According to Chen et al. [9, 10], the increase in volume indicates how big the generation, the collection and the scaling of data masses have become. While increase in velocity indicates the need for timely and rapid collection and analysis of big data in order to maximally utilize its commercial value, the increase in variety indicates that big data comprises various forms which may include unstructured and semi-structured, besides the usual structured data [4].
The IDC on its part presented a different opinion on big data. In its 2011 report, IDC viewed big data from its technological and architectural angle as the data is designed for extraction of economic value. The economic value comes from the very large volume and widely varied data, which have high velocity of discovery, capture and analysis [44].

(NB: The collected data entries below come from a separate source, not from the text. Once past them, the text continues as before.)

lemma pos_power_sum_eq_sum_letter_positions:
  "pos_power_sum u c k = (\<Sum>t\<in>letter_positions u c. t ^ k)"
  unfolding pos_power_sum_def letter_positions_def by (rule sum.inter_filter[symmetric]) simp

lemma one_in_letter_positions_hd: "u \<noteq> [] \<Longrightarrow> 1 \<in> letter_positions u (hd u)"
  by (cases u) (auto simp: letter_positions_def)

lemma letter_positions_subset: "letter_positions u c \<subseteq> {1..length u}"
  by (auto simp: letter_positions_def)

lemma finite_letter_positions: "finite (letter_positions u c)"
  by (simp add: letter_positions_def)

lemma sum_pos_power_sum_over_alphabet:
  assumes "set u \<subseteq> A" and "finite A"
  shows "(\<Sum>c\<in>A. pos_power_sum u c k) = (\<Sum>t = 1..length u. t ^ k)"
  unfolding pos_power_sum_def
proof (subst sum.swap, rule sum.cong[OF refl])
  fix t
  assume "t \<in> {1..length u}"
  then have "u ! (t - 1) \<in> A"
    using assms(1) nth_mem[of "t - 1" u] by auto
  then show "(\<Sum>c\<in>A. if u ! (t - 1) = c then t ^ k else 0) = t ^ k"
    using assms(2) by (simp add: sum.delta)
qed

lemma regular_card_mult_pos_power_sum:
  assumes "finite A" and "regular A r u" and "int k \<le> r" and "c \<in> A"
  shows "card A * pos_power_sum u c k = (\<Sum>t = 1..length u. t ^ k)"
proof -
  have "(\<Sum>t = 1..length u. t ^ k) = (\<Sum>d\<in>A. pos_power_sum u d k)"
    using assms(1,2) unfolding regular_def by (simp add: sum_pos_power_sum_over_alphabet)
  also have "\<dots> = (\<Sum>d\<in>A. pos_power_sum u c k)"
    using assms(2-4) by (intro sum.cong refl) (rule regular_pos_power_sum_eq)
  finally show ?thesis by simp
qed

The IDC definition added another ‘V’ to make it 4Vs model, with the fourth ‘V’ being value. Therefore, a broader definition of the big data could be derived from all earlier ones as the term is used in describing enormous datasets, whose contents are characterized by the 4Vs: (i) Volume—very large amount of data; (ii) Variety—different forms of the data, i.e., structured, semi-structured and unstructured gathered from different sources including images, documents and complex record; (iii) Velocity—the data has been constantly changing contents, which come from complementary data collection, archived and streamed data [6, 10, 45]; and (iv) Value—very huge value and very low density [10].

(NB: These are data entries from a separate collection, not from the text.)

(* Fix an integer $l\ge0$. For every sufficiently large odd prime $r$, with $q=e^{2\pi\sqrt{-1}/r}$, one can write $$\left(\tfrac{r-1}{2}\right)!\,G_{2l}(q)=\sum_{m=0}^{(r-3)/2}a_{r,m}\,(q-1)^{\frac{r-1}{2}-l+m}+(q-1)^{r-1-l}\,u_r$$ with $a_{r,m}\in\mathbb{Z}_{(r)}$ and $u_r\in\mathbb{Z}_{(r)}[q]$, such that for each fixed $m\ge0$ the function $r\mapsto a_{r,m}$ is a Fermat function with residue $g'_{l,m}$. (In the paper's terminology: with respect to $l(r)=\frac{r-3}{2}$, the Fermat limit of $\left(\frac{r-1}{2}\right)!\,G_{2l}(q)/(q-1)^{\frac{r-1}{2}-l}$ is $\sum_{m\ge0}g'_{l,m}(t-1)^m$.)
   Context: $G_{2l}(q)=\sum_{k=0}^{r-1}k^{2l}q^{k^2}$ is the weighted Gauss sum. $\mathbb{Z}_{(m)}=\mathbb{Z}[\frac12,\dots,\frac1{m-1}]$ for $m\ge3$, $\mathbb{Z}_{(m)}=\mathbb{Z}$ for $m\le2$. A function $r\mapsto f(r)\in\mathbb{Z}_{(r)}$ on large primes is a Fermat function with residue $\lambda\in\mathbb{Q}$ if $f(r)\equiv\lambda\pmod r$ for all large primes $r$. $\sigma_j$ denotes the $j$-th elementary symmetric polynomial ($\sigma_0=1$), and $g'_{l,m}$ is the residue of the Fermat function $H_{l,m}(r)=\frac{((r-1)/2)!}{((r-1)/2-l+m)!}(-1)^{m+1}\sigma_m(1,2,\dots,\frac{r-1}{2}-l+m-1)$. *)

theory Defs
  imports "HOL-Analysis.Analysis" "HOL-Computational_Algebra.Polynomial"
begin

text \<open>Z_(m) = Z[1/2,...,1/(m-1)] as a subset of the rationals: rationals whose
  reduced denominator has only prime factors < m (for m <= 2 this is Z).\<close>
definition Zloc :: "nat \<Rightarrow> rat set" where
  "Zloc m = {x. \<forall>p::nat. prime p \<and> int p dvd snd (quotient_of x) \<longrightarrow> p < m}"

definition rat_cong :: "rat \<Rightarrow> rat \<Rightarrow> nat \<Rightarrow> bool" where
  "rat_cong a b r \<longleftrightarrow> int r dvd fst (quotient_of (a - b))"

definition fermat_fun :: "(nat \<Rightarrow> rat) \<Rightarrow> rat \<Rightarrow> bool" where
  "fermat_fun f c \<longleftrightarrow> (\<exists>R. \<forall>r. prime r \<and> r \<ge> R \<longrightarrow> f r \<in> Zloc r \<and> rat_cong (f r) c r)"

definition wgauss :: "nat \<Rightarrow> nat \<Rightarrow> complex \<Rightarrow> complex" where
  "wgauss r j q = (\<Sum>k<r. of_nat k ^ j * q ^ (k^2))"

definition esym :: "nat \<Rightarrow> nat set \<Rightarrow> rat" where
  "esym m S = (\<Sum>T\<in>{T. T \<subseteq> S \<and> card T = m}. \<Prod>x\<in>T. of_nat x)"

definition Hfun :: "nat \<Rightarrow> nat \<Rightarrow> nat \<Rightarrow> rat" where
  "Hfun l m r = (let N = (r - 1) div 2 + m - l in
     fact ((r - 1) div 2) / fact N * (-1) ^ (m + 1) * esym m {1..<N})"

end

(* Put x = q - 1. Expanding q^(k^2) = (1 + x)^(k^2) gives G_2l(q) = sum_j C_j x^j with
   C_j = sum_{k<r} k^(2l) binom(k^2, j). Writing j! binom(n, j) = prod_{i<j} (n - i) through
   elementary symmetric functions turns j! C_j into a combination of power sums sum_{k<r} k^d, and
   such a sum is -1 mod r if d > 0 and (r - 1) | d, and 0 mod r otherwise. Hence exactly one term
   survives: with h = (r - 1)/2, C_j = 0 mod r for l + j < h, and h! C_(h+m-l) = H_{l,m}(r) mod r.
   Since r = (q - 1)^(r-1) W with W in Z_(r)[q], the terms divisible by r are absorbed into the
   remainder (q - 1)^(r-1-l) u_r. Finally H_{l,m}(r) is a Fermat function because
   sigma_m(1, ..., n - 1) is a polynomial in n and h = -1/2 mod r. *)

theory Submission
  imports "HOL-Number_Theory.Residues" Defs
    (* in this order, so that coeff is Polynomial.coeff and not that of HOL-Algebra *)
begin

section \<open>The ring Z_(r) and congruence modulo r\<close>

definition smooth_below :: "nat \<Rightarrow> int \<Rightarrow> bool" where
  "smooth_below r b \<longleftrightarrow> b \<noteq> 0 \<and> (\<forall>p::nat. prime p \<and> int p dvd b \<longrightarrow> p < r)"

lemma smooth_below_mult:
  assumes "smooth_below r b" "smooth_below r b'"
  shows "smooth_below r (b * b')"
  unfolding smooth_below_def
proof (intro conjI allI impI)
  show "b * b' \<noteq> 0" using assms by (simp add: smooth_below_def)
  fix p :: nat
  assume p: "prime p \<and> int p dvd b * b'"
  then have "int p dvd b \<or> int p dvd b'"
    by (metis prime_dvd_multD prime_nat_int_transfer)
  then show "p < r" using assms p unfolding smooth_below_def by blast
qed

lemma smooth_below_of_nat:
  assumes "0 < n" "n < r"
  shows "smooth_below r (int n)"
  using assms unfolding smooth_below_def by (auto dest: dvd_imp_le)

lemma smooth_below_fact:
  assumes "n < r"
  shows "smooth_below r (fact n)"
  using assms unfolding smooth_below_def
  by (metis fact_nonzero int_dvd_int_iff of_nat_fact of_nat_eq_0_iff order.strict_trans1 prime_dvd_fact_iff)

lemma Zloc_iff_fraction:
  "x \<in> Zloc r \<longleftrightarrow> (\<exists>a b. smooth_below r b \<and> x = of_int a / of_int b)"
proof
  assume x: "x \<in> Zloc r"
  obtain n d where nd: "quotient_of x = (n, d)" by (cases "quotient_of x")
  have "smooth_below r d"
    using x nd quotient_of_denom_pos[OF nd] by (simp add: Zloc_def smooth_below_def)
  then show "\<exists>a b. smooth_below r b \<and> x = of_int a / of_int b"
    using quotient_of_div[OF nd] by blast
next
  assume "\<exists>a b. smooth_below r b \<and> x = of_int a / of_int b"
  then obtain a b where b: "smooth_below r b" and x: "x = of_int a / of_int b" by blast
  obtain n d where nd: "quotient_of x = (n, d)" by (cases "quotient_of x")
  have "of_int n / of_int d = (of_int a / of_int b :: rat)"
    using quotient_of_div[OF nd] x by simp
  moreover have "b \<noteq> 0" "d \<noteq> 0"
    using b quotient_of_denom_pos[OF nd] by (auto simp: smooth_below_def)
  ultimately have "of_int (n * b) = (of_int (a * d) :: rat)"
    by (simp add: field_simps)
  then have nb: "n * b = a * d" by (simp only: of_int_eq_iff)
  have "int p dvd b" if p: "prime p" "int p dvd d" for p :: nat
  proof -
    have "\<not> int p dvd n"
      using quotient_of_coprime[OF nd] p
      by (metis coprime_common_divisor not_prime_unit prime_nat_int_transfer)
    moreover have "int p dvd n * b" using nb p(2) by simp
    ultimately show ?thesis using p(1) by (metis prime_dvd_multD prime_nat_int_transfer)
  qed
  then show "x \<in> Zloc r" using b nd unfolding Zloc_def smooth_below_def by auto
qed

In addition, recent literatures include veracity as the fifth ‘V’, the characteristic of the big data after being convinced that none of the earlier described characteristics of big data have covered that. By veracity, it means that there are uncertainty and effect of accuracy on the quality of collected data [4, 5, 42, 44].
The value in big data is extracted by proper and efficient retrieval of the data from the big datasets. Thus, fast processing of the retrieved data is determinant to faster and timely analysis and access to the required data. Indexing is one of the most useful techniques for faster data retrieval during processing and accessing. Therefore, the industrial 4.0 data-driven processes are in need of such faster data retrieval. Once the retrieval and access processes involving big data usage are made faster, a lot of benefits are achieved. These benefits include energy/power saving and improving hardware durability and reduce heat generation.

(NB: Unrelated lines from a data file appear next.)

(* Let $n\ge 2$, let $P=(P_1,\dots,P_t)$ be a partition of $\{1,\dots,n+1\}$, $n_i=|P_i|$, and ${\cal K}={\cal K}(P)$. Then: (ii) $Cox({\cal K})$ is isomorphic to $\prod_{i=1}^t Sym(1+n_i)$, so its order is $\prod_{i=1}^t (n_i+1)!$; (iii) $Cox({\cal K})=Aut({\cal K})$ if and only if the parts of $P$ have pairwise different sizes; (iv) $Cox({\cal K})$ acts transitively on the $n$-faces of ${\cal K}$.
   Context: For a partition $P=(P_1,\dots,P_t)$ of $\{1,\dots,n+1\}$, ${\cal K}(P)$ is the simplicial complex on the vertex set $\{1,\dots,n+1\}\cup\{p_1,\dots,p_t\}$ ($t$ new vertices) whose $n$-faces are the sets $\{y_1,\dots,y_{n+1}\}$ with, for each $i$, $y_i=i$ or $y_i=p_j$ where $i\in P_j$, subject to the $y_i$ being pairwise distinct; its faces are all nonempty subsets of these. $Aut({\cal K})$ is the group of permutations of the vertices of ${\cal K}$ mapping the set of faces onto itself. For $i\in\{1,\dots,n+1\}$ with $i\in P_j$, let $g_i$ be the permutation of the vertex set of ${\cal K}(P)$ exchanging $i$ and $p_j$ and fixing all other vertices (this is the "reflection" of the facet $\{1,\dots,n+1\}$ across its $(n-1)$-face $\{1,\dots,n+1\}\setminus\{i\}$, and is an automorphism of ${\cal K}(P)$). $Cox({\cal K})$ is the subgroup of $Aut({\cal K})$ generated by $g_1,\dots,g_{n+1}$. *)

theory Defs
  imports "HOL-Algebra.Sym_Groups" "HOL-Algebra.Product_Groups" "HOL-Algebra.Generated_Groups"
    "HOL-Library.Disjoint_Sets" "HOL-Combinatorics.Transposition"
begin

text \<open>Vertices of K(P): original vertices Inl i (i in {1..n+1}) and one new vertex Inr B
  for each block B of the partition P (B plays the role of p_j).\<close>

definition vertices :: "nat \<Rightarrow> nat set set \<Rightarrow> (nat + nat set) set" where
  "vertices n P = Inl ` {1..n+1} \<union> Inr ` P"

definition blk :: "nat set set \<Rightarrow> nat \<Rightarrow> nat set" where
  "blk P i = (THE B. B \<in> P \<and> i \<in> B)"

definition facets :: "nat \<Rightarrow> nat set set \<Rightarrow> (nat + nat set) set set" where
  "facets n P = {y ` {1..n+1} | y. inj_on y {1..n+1} \<and>
      (\<forall>i\<in>{1..n+1}. y i = Inl i \<or> y i = Inr (blk P i))}"

definition faces :: "nat \<Rightarrow> nat set set \<Rightarrow> (nat + nat set) set set" where
  "faces n P = {F. F \<noteq> {} \<and> (\<exists>G\<in>facets n P. F \<subseteq> G)}"
lemma tail_measure_small:
  fixes M :: "(real^'n) measure"
  assumes "prob_space M" "sets M = sets borel" "e > 0"
  shows "\<exists>R0. \<forall>R\<ge>R0. measure M {x. R < norm x} < e"
proof -
  interpret prob_space M by fact
  define A where "A n = {x::real^'n. real n < norm x}" for n
  have A_sets: "range A \<subseteq> sets M" unfolding A_def assms(2) by auto
  have "decseq A" unfolding A_def decseq_def by auto
  moreover have "(\<Inter>n. A n) = {}"
  proof (rule ccontr)
    assume "(\<Inter>n. A n) \<noteq> {}"
    then obtain x where "\<forall>n. x \<in> A n" by blast
    moreover obtain n where "norm x \<le> real n" using real_arch_simple by blast
    ultimately show False unfolding A_def by (metis mem_Collect_eq not_less)
  qed
  ultimately have "(\<lambda>n. measure M (A n)) \<longlonglongrightarrow> 0"
    using finite_Lim_measure_decseq[OF A_sets] by simp
  then obtain N where N: "\<forall>n\<ge>N. measure M (A n) < e"
    using \<open>e > 0\<close> by (auto dest!: order_tendstoD(2) simp: eventually_sequentially)
  have "measure M {x. R < norm x} < e" if "R \<ge> real N" for R
  proof -
    have "{x. R < norm x} \<subseteq> A N" unfolding A_def using that by auto
    then have "measure M {x. R < norm x} \<le> measure M (A N)"
      using A_sets by (intro finite_measure_mono) auto
    with N show ?thesis by force
  qed
  then show ?thesis by blast
qed

lemma trig_polynomial_approximation_cube:
  fixes F :: "real^'n \<Rightarrow> real"
  assumes "r > 0" and F_cont: "continuous_on UNIV F" and F_bound: "\<And>x. \<bar>F x\<bar> \<le> B"
    and F_boundary: "\<And>x j. \<bar>x $ j\<bar> = r \<Longrightarrow> F x = 0" and "e > 0"
  obtains p where "trig_polynomial (\<lambda>x. complex_of_real (p x))" "continuous_on UNIV p"
    "\<And>x. \<bar>p x\<bar> \<le> B + e" "\<And>x. x \<in> cube r \<Longrightarrow> \<bar>F x - p x\<bar> < e"
proof -
  obtain g where g_cont: "continuous_on (torus_embed r ` cube r) g"
    and gF: "\<And>x. x \<in> cube r \<Longrightarrow> g (torus_embed r x) = F x"
    using continuous_factor_torus_embed[OF \<open>r > 0\<close> F_cont] F_boundary by blast
  have "compact (torus_embed r ` cube r)"
    using compact_cube continuous_on_subset[OF continuous_on_torus_embed]
    by (blast intro: compact_continuous_image)
  then obtain q where q: "polynomial_function q"
    and q_approx: "\<And>y. y \<in> torus_embed r ` cube r \<Longrightarrow> norm (g y - q y) < e"
    using Stone_Weierstrass_polynomial_function[OF _ g_cont \<open>e > 0\<close>] by blast
  have approx: "\<bar>F x - q (torus_embed r x)\<bar> < e" if "x \<in> cube r" for x
    using q_approx[of "torus_embed r x"] gF[OF that] that by (simp add: image_eqI)
  show thesis
  proof
    show "trig_polynomial (\<lambda>x. complex_of_real (q (torus_embed r x)))"
      using q real_polynomial_function_eq trig_polynomial_torus_embed by blast
    show "continuous_on UNIV (\<lambda>x. q (torus_embed r x))"
      using continuous_on_polymonial_function[OF q] continuous_on_torus_embed
      by (rule continuous_on_compose2) auto
    show "\<bar>q (torus_embed r x)\<bar> \<le> B + e" for x
    proof -
      obtain x' where "x' \<in> cube r" "torus_embed r x' = torus_embed r x"
        using torus_embed_periodic[OF \<open>r > 0\<close>] by blast
      then have "\<bar>F x' - q (torus_embed r x)\<bar> < e" using approx[of x'] by simp
      then show ?thesis using F_bound[of x'] by linarith
    qed
  qed (use approx in simp)
qed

1.1 Objective of the Chapter
The main objective of this chapter was to present indexing techniques that can be used in searching and effective retrieval of data during data mining. The strategy of all the indexing techniques is to restrict the amount of input data to be processed during the mining of any dataset. The chapter highlights those indexing techniques that have the potentials of working better with big data.
1.2 Taxonomy of the Chapter
The focus of the chapter is to include in it all relevant literatures that are searched and downloaded from the major publication databases. The databases include IEEEXplore, DBLP, Scopus, Springer and others. Then, titles, abstracts, introductions and conclusions of papers that covered application of indexing in big data mining and analytics were described. This was done using selection criteria in order to pick the papers that matched and have highlighted the structure of various indexing approaches used for big data mining and analytics. In addition, the chapter identifies the indexing approaches that have potential for big data mining and those that have less potential. Figure 1 depicts the diagrammatic sketch of the taxonomy used for the chapter.
A sketch of the taxonomy used for the chapter
A sketch of index types
The chapter’s perspective is to center the discussion of literatures on the indexing approaches, their data structure, their mode of application, their pros and cons, and prospect for big data mining. In addition, the chapter attempts to cover indexing from its application on RDBMS up to it’s use in big data mining and analytics. This may enable specialist and practitioners of big data mining and analytics to have wider view on the indexing approaches, and when, how and where to apply each of the approaches for better results.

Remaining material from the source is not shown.